SAĞLIKLI YAŞAM VE HİJYEN
ADAM VE SU Su, pis bir adama: - “Ey pis adam! Koş bana gel ki seni temizleyeyim.” dedi. Pis adam: - “Sudan utanıyorum.” dedi. Su, bunun üzerine: - “Eğer utanırsan nasıl temizleneceksin, bu pislik benim dışımda nasıl temizlenir.” dedi.

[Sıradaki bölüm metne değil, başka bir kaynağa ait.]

(* In the setting of the context, assume $\sup_{m\ge1,\,0\le i\le\pi_m-1}\eta_{m,i}<\infty$. Then for every $j\ge1$ the sequence $(P_j(\{r\}))_{r\ge0}$ converges to $0$ exponentially fast as $r\to\infty$.
   Context: Let $\pi_m\ge2$ ($m\ge1$) be integers and $\eta_{m,i}\ge0$ ($m\ge1$, $0\le i\le\pi_m-1$) integers. $\overline Y=\prod_{m\ge1}\{0,\dots,\pi_m-1\}$ with product uniform measure $\overline\nu$ and odometer $\overline S$ (add $1$ to the first coordinate with carry to the right). $\gamma(\overline y)=\sum_{m=1}^{\overline t(\overline y)}\eta_{m,\overline y_m}$ where $\overline t(\overline y)$ is the smallest $t\ge1$ with $\overline y_t<\pi_t-1$. $P_j$ is the distribution under $\overline\nu$ of $\gamma+\gamma\circ\overline S+\dots+\gamma\circ\overline S^{j-1}$ (a probability on $\{0,1,2,\dots\}$). *)

theory Defs
  imports "HOL-Probability.Probability"
begin

text \<open>Coordinates are indexed from 0 (coordinate m here corresponds to m+1 in the paper).\<close>

definition odo_space :: "(nat \<Rightarrow> nat) \<Rightarrow> (nat \<Rightarrow> nat) measure" where
  "odo_space \<pi> = (\<Pi>\<^sub>M m\<in>UNIV. measure_pmf (pmf_of_set {..<\<pi> m}))"

definition odometer :: "(nat \<Rightarrow> nat) \<Rightarrow> (nat \<Rightarrow> nat) \<Rightarrow> (nat \<Rightarrow> nat)" where
  "odometer \<pi> y = (\<lambda>m. if (\<forall>k<m. y k = \<pi> k - 1)
                         then (if y m = \<pi> m - 1 then 0 else y m + 1) else y m)"

definition odo_t :: "(nat \<Rightarrow> nat) \<Rightarrow> (nat \<Rightarrow> nat) \<Rightarrow> nat" where
  "odo_t \<pi> y = (LEAST t. y t < \<pi> t - 1)"

definition odo_gamma :: "(nat \<Rightarrow> nat) \<Rightarrow> (nat \<Rightarrow> nat \<Rightarrow> nat) \<Rightarrow> (nat \<Rightarrow> nat) \<Rightarrow> nat" where
  "odo_gamma \<pi> \<eta> y = (\<Sum>m\<le>odo_t \<pi> y. \<eta> m (y m))"

definition odo_P :: "(nat \<Rightarrow> nat) \<Rightarrow> (nat \<Rightarrow> nat \<Rightarrow> nat) \<Rightarrow> nat \<Rightarrow> nat \<Rightarrow> real" where
  "odo_P \<pi> \<eta> j r = measure (odo_space \<pi>)
     {y \<in> space (odo_space \<pi>). (\<Sum>k<j. odo_gamma \<pi> \<eta> ((odometer \<pi> ^^ k) y)) = r}"

end

theory Submission
  imports Defs
begin

text \<open>If the first \<open>j\<close> values of \<open>\<gamma>\<close> along an orbit sum to more than \<open>j n B\<close>, then one of the
points \<open>S\<^sup>k y\<close>, \<open>k < j\<close>, has its first \<open>n\<close> digits maximal (otherwise \<open>t \<le> n\<close> and \<open>\<gamma> \<le> n B\<close>).
If \<open>S z\<close> has maximal digits at positions \<open>a, \<dots>, n - 1\<close>, then so does \<open>z\<close> at \<open>a + 1, \<dots>, n - 1\<close>
(a carry would reset digit \<open>a\<close> to \<open>0\<close>), so \<open>y\<close> itself has maximal digits at positions \<open>j, \<dots>, n - 1\<close>, an event
of probability at most \<open>2\<^sup>j\<^sup>-\<^sup>n\<close>. Taking \<open>n \<approx> r / (j B + 1)\<close> gives the geometric decay.\<close>

lemma space_odo_space [simp]: "space (odo_space \<pi>) = UNIV"
  by (simp add: odo_space_def space_PiM)

lemma prob_space_odo_space: "prob_space (odo_space \<pi>)"
  unfolding odo_space_def by (intro prob_space_PiM) (simp add: prob_space_measure_pmf)

lemma AE_odo_digits:
  assumes "\<And>m. 0 < \<pi> m"
  shows "AE y in odo_space \<pi>. \<forall>m. y m < \<pi> m"
proof -
  interpret product_prob_space "\<lambda>m. measure_pmf (pmf_of_set {..<\<pi> m})" UNIV
    by unfold_locales
  have "AE y in odo_space \<pi>. y m < \<pi> m" for m
    unfolding odo_space_def using assms[of m]
    by (intro AE_component) (auto simp: AE_measure_pmf_iff lessThan_empty_iff)
  then show ?thesis by (simp add: AE_all_countable)
qed

lemma measure_odo_cylinder:
  assumes "finite I" and "\<And>m. m \<in> I \<Longrightarrow> c m < \<pi> m"
  shows "measure (odo_space \<pi>) {y. \<forall>m\<in>I. y m = c m} = (\<Prod>m\<in>I. 1 / real (\<pi> m))"
proof -
  interpret product_prob_space "\<lambda>m. measure_pmf (pmf_of_set {..<\<pi> m})" UNIV
    by unfold_locales
  have "emeasure (odo_space \<pi>) {y. \<forall>m\<in>I. y m \<in> {c m}}
      = (\<Prod>m\<in>I. emeasure (measure_pmf (pmf_of_set {..<\<pi> m})) {c m})"
    using emeasure_PiM_Collect[of I "\<lambda>m. {c m}"] assms(1) by (simp add: odo_space_def space_PiM)
  also have "\<dots> = (\<Prod>m\<in>I. ennreal (1 / real (\<pi> m)))"
  proof (intro prod.cong refl)
    fix m assume "m \<in> I"
    then have "{..<\<pi> m} \<noteq> {}" "c m \<in> {..<\<pi> m}" using assms(2) by auto
    then show "emeasure (measure_pmf (pmf_of_set {..<\<pi> m})) {c m} = ennreal (1 / real (\<pi> m))"
      by (simp add: emeasure_pmf_single)
  qed
  finally show ?thesis
    by (simp add: measure_def prod_ennreal prod_nonneg)
qed

lemma odometer_max_segment:
  assumes "\<And>m. 2 \<le> \<pi> m" and max: "\<forall>m\<in>{a..<n}. odometer \<pi> y m = \<pi> m - 1"
  shows "\<forall>m\<in>{Suc a..<n}. y m = \<pi> m - 1"
proof (rule ballI, rule ccontr)
  fix m assume m: "m \<in> {Suc a..<n}" and "y m \<noteq> \<pi> m - 1"
  define c where "c = (LEAST c. y c \<noteq> \<pi> c - 1)"
  have "c \<le> m" unfolding c_def by (rule Least_le) fact
  have below_c: "y k = \<pi> k - 1" if "k < c" for k
    using not_less_Least[of k "\<lambda>c. y c \<noteq> \<pi> c - 1"] that unfolding c_def by blast
  show False
  proof (cases "a < c")
    case True
    then have "odometer \<pi> y a = 0" using below_c by (simp add: odometer_def)
    moreover have "odometer \<pi> y a = \<pi> a - 1" using max m by simp
    ultimately show False using assms(1)[of a] by simp
  next
    case False
    have "y c \<noteq> \<pi> c - 1"
      unfolding c_def by (rule LeastI[of "\<lambda>c. y c \<noteq> \<pi> c - 1" m]) fact
    moreover have "c < m" using False m by simp
    ultimately have "\<not> (\<forall>k<m. y k = \<pi> k - 1)" by blast
    then have "odometer \<pi> y m = y m" unfolding odometer_def by (simp only: if_False)
    with max m \<open>y m \<noteq> _\<close> show False by simp
  qed
qed

lemma odometer_iterate_max_segment:
  assumes "\<And>m. 2 \<le> \<pi> m" and "\<forall>m\<in>{a..<n}. (odometer \<pi> ^^ k) y m = \<pi> m - 1"
  shows "\<forall>m\<in>{a + k..<n}. y m = \<pi> m - 1"
  using assms(2)
proof (induction k arbitrary: y)
  case (Suc k)
  then have "\<forall>m\<in>{a + k..<n}. odometer \<pi> y m = \<pi> m - 1"
    using Suc.IH[of "odometer \<pi> y"] Suc.prems unfolding funpow_Suc_right comp_def by blast
  then show ?case using odometer_max_segment[OF assms(1)] by simp
qed simp

lemma odometer_digits:
  assumes "\<forall>m. y m < \<pi> m"
  shows "\<forall>m. (odometer \<pi> ^^ k) y m < \<pi> m"
proof (induction k)
  case (Suc k)
  have "odometer \<pi> z m < \<pi> m" if "z m < \<pi> m" for z :: "nat \<Rightarrow> nat" and m
    using that by (simp add: odometer_def) arith
  with Suc show ?case by simp
qed (use assms in simp)

lemma odo_gamma_le:
  assumes B: "\<forall>m i. i < \<pi> m \<longrightarrow> \<eta> m i \<le> B" and z: "\<forall>m. z m < \<pi> m"
    and "t < n" and "z t \<noteq> \<pi> t - 1"
  shows "odo_gamma \<pi> \<eta> z \<le> n * B"
proof -
  have "z t < \<pi> t - 1" using z assms(4) by (metis Suc_pred' less_Suc_eq not_gr_zero not_less0)
  then have "odo_t \<pi> z \<le> t" unfolding odo_t_def by (rule Least_le)
  have "odo_gamma \<pi> \<eta> z \<le> (\<Sum>m\<le>odo_t \<pi> z. B)"
    unfolding odo_gamma_def using B z by (intro sum_mono) auto
  also have "\<dots> = (odo_t \<pi> z + 1) * B" by simp
  also have "\<dots> \<le> n * B" using \<open>odo_t \<pi> z \<le> t\<close> \<open>t < n\<close> by (intro mult_right_mono) auto
  finally show ?thesis .
qed

lemma odometer_sum_large_imp_max:
  assumes "\<And>m. 2 \<le> \<pi> m" and B: "\<forall>m i. i < \<pi> m \<longrightarrow> \<eta> m i \<le> B"
    and y: "\<forall>m. y m < \<pi> m"
    and large: "j * n * B < (\<Sum>k<j. odo_gamma \<pi> \<eta> ((odometer \<pi> ^^ k) y))"
  shows "\<forall>m\<in>{j..<n}. y m = \<pi> m - 1"
proof -
  have "\<exists>k<j. \<forall>t\<in>{0..<n}. (odometer \<pi> ^^ k) y t = \<pi> t - 1"
  proof (rule ccontr)
    assume "\<not> ?thesis"
    then have "(\<Sum>k<j. odo_gamma \<pi> \<eta> ((odometer \<pi> ^^ k) y)) \<le> (\<Sum>k<j. n * B)"
      using odo_gamma_le[OF B odometer_digits[OF y]] by (intro sum_mono) auto
    with large show False by (simp add: mult.assoc)
  qed
  then obtain k where "k < j" and max: "\<forall>t\<in>{0..<n}. (odometer \<pi> ^^ k) y t = \<pi> t - 1" by blast
  show ?thesis using odometer_iterate_max_segment[OF assms(1) max] \<open>k < j\<close> by simp
qed

lemma odo_P_le_half_pow:
  assumes "\<And>m. 2 \<le> \<pi> m" and B: "\<forall>m i. i < \<pi> m \<longrightarrow> \<eta> m i \<le> B" and "j * n * B < r"
  shows "odo_P \<pi> \<eta> j r \<le> (1/2) ^ (n - j)"
proof -
  interpret prob_space "odo_space \<pi>" by (rule prob_space_odo_space)
  let ?cyl = "{y. \<forall>m\<in>{j..<n}. y m = \<pi> m - 1}"
  have pos: "\<And>m. 0 < \<pi> m" using assms(1) by (auto intro: less_le_trans[OF zero_less_numeral])
  have "AE y in odo_space \<pi>. (\<Sum>k<j. odo_gamma \<pi> \<eta> ((odometer \<pi> ^^ k) y)) = r \<longrightarrow> y \<in> ?cyl"
    using AE_odo_digits[OF pos]
  proof eventually_elim
    case (elim y)
    then show ?case using odometer_sum_large_imp_max[OF assms(1) B, of y j n] assms(3) by auto
  qed
  moreover have "{y \<in> space (odo_space \<pi>). \<forall>m\<in>{j..<n}. y m = \<pi> m - 1} \<in> sets (odo_space \<pi>)"
    unfolding odo_space_def by measurable
  ultimately have "odo_P \<pi> \<eta> j r \<le> measure (odo_space \<pi>) ?cyl"
    unfolding odo_P_def by (intro finite_measure_mono_AE) auto
  also have "\<dots> = (\<Prod>m\<in>{j..<n}. 1 / real (\<pi> m))"
    using pos by (intro measure_odo_cylinder) auto
  also have "\<dots> \<le> (\<Prod>m\<in>{j..<n}. 1 / 2)"
    using assms(1) by (intro prod_mono) (auto simp: divide_simps)
  finally show ?thesis by simp
qed

lemma odo_P_le_geometric:
  assumes "\<And>m. 2 \<le> \<pi> m" and B: "\<forall>m i. i < \<pi> m \<longrightarrow> \<eta> m i \<le> B"
    and "n * (j * B + 1) \<le> r"
  shows "odo_P \<pi> \<eta> j r \<le> 2 ^ j * (1/2) ^ n"
proof (cases "j * n * B < r")
  case True
  then have "odo_P \<pi> \<eta> j r \<le> (1/2) ^ (n - j)" by (rule odo_P_le_half_pow[OF assms(1) B])
  also have "\<dots> \<le> 2 ^ j * (1/2) ^ n"
    by (cases "j \<le> n") (auto simp: power_diff power_one_over field_simps)
  finally show ?thesis .
next
  case False
  with assms(3) have "n = 0" by (auto simp: algebra_simps)
  interpret prob_space "odo_space \<pi>" by (rule prob_space_odo_space)
  have "odo_P \<pi> \<eta> j r \<le> 1" unfolding odo_P_def by (rule prob_le_1)
  with \<open>n = 0\<close> show ?thesis by (simp add: order_trans[OF _ one_le_power])
qed

theorem mainTheorem18:
  fixes \<pi> :: "nat \<Rightarrow> nat" and \<eta> :: "nat \<Rightarrow> nat \<Rightarrow> nat"
  assumes "\<And>m. \<pi> m \<ge> 2"
    and "\<exists>B. \<forall>m i. i < \<pi> m \<longrightarrow> \<eta> m i \<le> B"
    and "j \<ge> 1"
  shows "\<exists>C q. 0 < q \<and> q < 1 \<and> (\<forall>r. odo_P \<pi> \<eta> j r \<le> C * q ^ r)"
proof -
  obtain B where B: "\<forall>m i. i < \<pi> m \<longrightarrow> \<eta> m i \<le> B" using assms(2) by blast
  define D where "D = j * B + 1"
  define q :: real where "q = root D (1/2)"
  have "D > 0" by (simp add: D_def)
  then have "0 < q" "q < 1" and qD: "q ^ D = 1/2" by (simp_all add: q_def real_root_lt_1_iff)
  have "odo_P \<pi> \<eta> j r \<le> 2 ^ (j + 1) * q ^ r" for r
  proof -
    have "r div D * D \<le> r" and "r < (r div D + 1) * D"
      using \<open>D > 0\<close> by (auto simp: dividend_less_div_times)
    then have "odo_P \<pi> \<eta> j r \<le> 2 ^ j * (1/2) ^ (r div D)"
      unfolding D_def by (intro odo_P_le_geometric[OF assms(1) B]) (simp add: mult.commute)
    also have "\<dots> = 2 ^ (j + 1) * (q ^ D) ^ (r div D + 1)" by (simp add: qD)
    also have "\<dots> = 2 ^ (j + 1) * q ^ ((r div D + 1) * D)" by (simp only: power_mult mult.commute)
    also have "\<dots> \<le> 2 ^ (j + 1) * q ^ r"
      using \<open>0 < q\<close> \<open>q < 1\<close> \<open>r < _\<close> by (intro mult_left_mono power_decreasing) auto
    finally show ?thesis .
  qed
  with \<open>0 < q\<close> \<open>q < 1\<close> show ?thesis by blast
qed

end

TEMİZLİK Durdu, süpürgesini sinesine dayadı, eldivenlerini çıkardı, pantolonun yan cebinde taşıdığı kocaman bir mendille kurulandı, terini biraz soğuttu. Mendili sırılsıklam oldu. Bir temizlik şirketinin kadrosunda asgari ücretle çalışıyordu, yoruluyordu, akşama kadar kıyıda köşede, hatta ortalıkta gelip geçen insanların arasında süpürge ve faraşla dolaşmak, onun bunun pervasızca sağa sola attığı çöpleri toplamak kolay iş değildi. Bir hastanenin bahçesi ve hastaneyi çevreleyen duvarların dış kısımları sorumluluk alanıydı. Bahçe içinde az sayıda ve sadece hastane araçlarına tahsisli otopark, bahçedeki kantin çevresi, oturup beklemek ya da dinlenmek için konulan bankların bulunduğu alanlar, hastanenin otomatik çalışan kapısına uzanan basamaklı giriş her zaman temiz olmalıydı. Bunu sağlamak da onun vazifesi idi. Sabah çayını içemeden, kahvaltısını yapamadan erkenden çıkmıştı. Zaten her gün böyle oluyordu. Zamanında işinin başında olmalı ve sorumlu olduğu bölgeyi adım adım dolaşmalıydı. Şirketin kontrol görevlileri gelip zaman zaman teftiş ediyor, görev yerinde olup olmadığı, özenli çalışıp çalışmadığı takip ediliyordu. O kadar işine dikkatli olmasına rağmen gerek hastane idaresince ve gerekse şirket yönetimince uyarılmıştı. Hatırlayınca üzüldü, üzüntüsü evden verilen siparişler gözünün önüne gelince daha da fazlalaştı. Maaşı alalı ne olmuştu ki hemen bitivermişti.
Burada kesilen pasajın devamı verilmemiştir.